Data for review START
lemma has_real_derivative_exp_neg_inverse_deriv:
  "(exp_neg_inverse_deriv n has_real_derivative exp_neg_inverse_deriv (Suc n) s) (at s)"
proof -
  consider "s > 0" | "s < 0" | "s = 0" by linarith
  then show ?thesis
  proof cases
    case 1
    show ?thesis
    proof (rule has_field_derivative_transform_within_open[OF _ open_greaterThan[of 0]])
      show "((\<lambda>y. poly (exp_neg_inverse_poly n) (inverse y) * exp (- inverse y)) has_real_derivative
          exp_neg_inverse_deriv (Suc n) s) (at s)"
        using has_real_derivative_exp_neg_inverse_deriv_pos[OF 1, of n] 1
        by (simp add: exp_neg_inverse_deriv_def)
    qed (use 1 in \<open>auto simp: exp_neg_inverse_deriv_def\<close>)
  next
    case 2
    have "(exp_neg_inverse_deriv n has_real_derivative 0) (at s)"
      by (rule has_field_derivative_transform_within_open[OF DERIV_const open_lessThan[of 0]])
         (use 2 in \<open>auto simp: exp_neg_inverse_deriv_def\<close>)
    then show ?thesis using 2 by (simp add: exp_neg_inverse_deriv_def)
  next
    case 3
    have "((\<lambda>y. poly ([:0, 1:] * exp_neg_inverse_poly n) (inverse y) * exp (- inverse y))
        \<longlongrightarrow> 0) (at_right 0)"
      by (rule filterlim_compose[OF poly_times_exp_neg_tendsto_0 filterlim_inverse_at_top_right])
    moreover have "\<forall>\<^sub>F y in at_right 0.
        poly ([:0, 1:] * exp_neg_inverse_poly n) (inverse y) * exp (- inverse y) =
        exp_neg_inverse_deriv n y / y"
      by (rule eventually_mono[OF eventually_at_right_less])
         (auto simp: exp_neg_inverse_deriv_def field_simps)
    ultimately have right: "((\<lambda>y. exp_neg_inverse_deriv n y / y) \<longlongrightarrow> 0) (at_right 0)"
      by (rule Lim_transform_eventually)
    have "\<forall>\<^sub>F y in at_left 0. 0 = exp_neg_inverse_deriv n y / y"
      by (rule eventually_mono[OF eventually_at_left_real[of "-1" 0]])
         (auto simp: exp_neg_inverse_deriv_def)
    then have left: "((\<lambda>y. exp_neg_inverse_deriv n y / y) \<longlongrightarrow> 0) (at_left 0)"
      by (rule Lim_transform_eventually[OF tendsto_const])
    have "((\<lambda>y. (exp_neg_inverse_deriv n y - exp_neg_inverse_deriv n 0) / (y - 0)) \<longlongrightarrow> 0) (at 0)"
      using left right by (simp add: exp_neg_inverse_deriv_def filterlim_at_split)
    then show ?thesis
      using 3 by (simp add: has_field_derivative_iff exp_neg_inverse_deriv_def)
  qed
qed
Data for review END
> The task
Line by line, retype the data exactly as written.

> Written response
lemma has_real_derivative_exp_neg_inverse_deriv:
  "(exp_neg_inverse_deriv n has_real_derivative exp_neg_inverse_deriv (Suc n) s) (at s)"
proof -
  consider "s > 0" | "s < 0" | "s = 0" by linarith
  then show ?thesis
  proof cases
    case 1
    show ?thesis
    proof (rule has_field_derivative_transform_within_open[OF _ open_greaterThan[of 0]])
      show "((\<lambda>y. poly (exp_neg_inverse_poly n) (inverse y) * exp (- inverse y)) has_real_derivative
          exp_neg_inverse_deriv (Suc n) s) (at s)"
        using has_real_derivative_exp_neg_inverse_deriv_pos[OF 1, of n] 1
        by (simp add: exp_neg_inverse_deriv_def)
    qed (use 1 in \<open>auto simp: exp_neg_inverse_deriv_def\<close>)
  next
    case 2
    have "(exp_neg_inverse_deriv n has_real_derivative 0) (at s)"
      by (rule has_field_derivative_transform_within_open[OF DERIV_const open_lessThan[of 0]])
         (use 2 in \<open>auto simp: exp_neg_inverse_deriv_def\<close>)
    then show ?thesis using 2 by (simp add: exp_neg_inverse_deriv_def)
  next
    case 3
    have "((\<lambda>y. poly ([:0, 1:] * exp_neg_inverse_poly n) (inverse y) * exp (- inverse y))
        \<longlongrightarrow> 0) (at_right 0)"
      by (rule filterlim_compose[OF poly_times_exp_neg_tendsto_0 filterlim_inverse_at_top_right])
    moreover have "\<forall>\<^sub>F y in at_right 0.
        poly ([:0, 1:] * exp_neg_inverse_poly n) (inverse y) * exp (- inverse y) =
        exp_neg_inverse_deriv n y / y"
      by (rule eventually_mono[OF eventually_at_right_less])
         (auto simp: exp_neg_inverse_deriv_def field_simps)
    ultimately have right: "((\<lambda>y. exp_neg_inverse_deriv n y / y) \<longlongrightarrow> 0) (at_right 0)"
      by (rule Lim_transform_eventually)
    have "\<forall>\<^sub>F y in at_left 0. 0 = exp_neg_inverse_deriv n y / y"
      by (rule eventually_mono[OF eventually_at_left_real[of "-1" 0]])
         (auto simp: exp_neg_inverse_deriv_def)
    then have left: "((\<lambda>y. exp_neg_inverse_deriv n y / y) \<longlongrightarrow> 0) (at_left 0)"
      by (rule Lim_transform_eventually[OF tendsto_const])
    have "((\<lambda>y. (exp_neg_inverse_deriv n y - exp_neg_inverse_deriv n 0) / (y - 0)) \<longlongrightarrow> 0) (at 0)"
      using left right by (simp add: exp_neg_inverse_deriv_def filterlim_at_split)
    then show ?thesis
      using 3 by (simp add: has_field_derivative_iff exp_neg_inverse_deriv_def)
  qed
qed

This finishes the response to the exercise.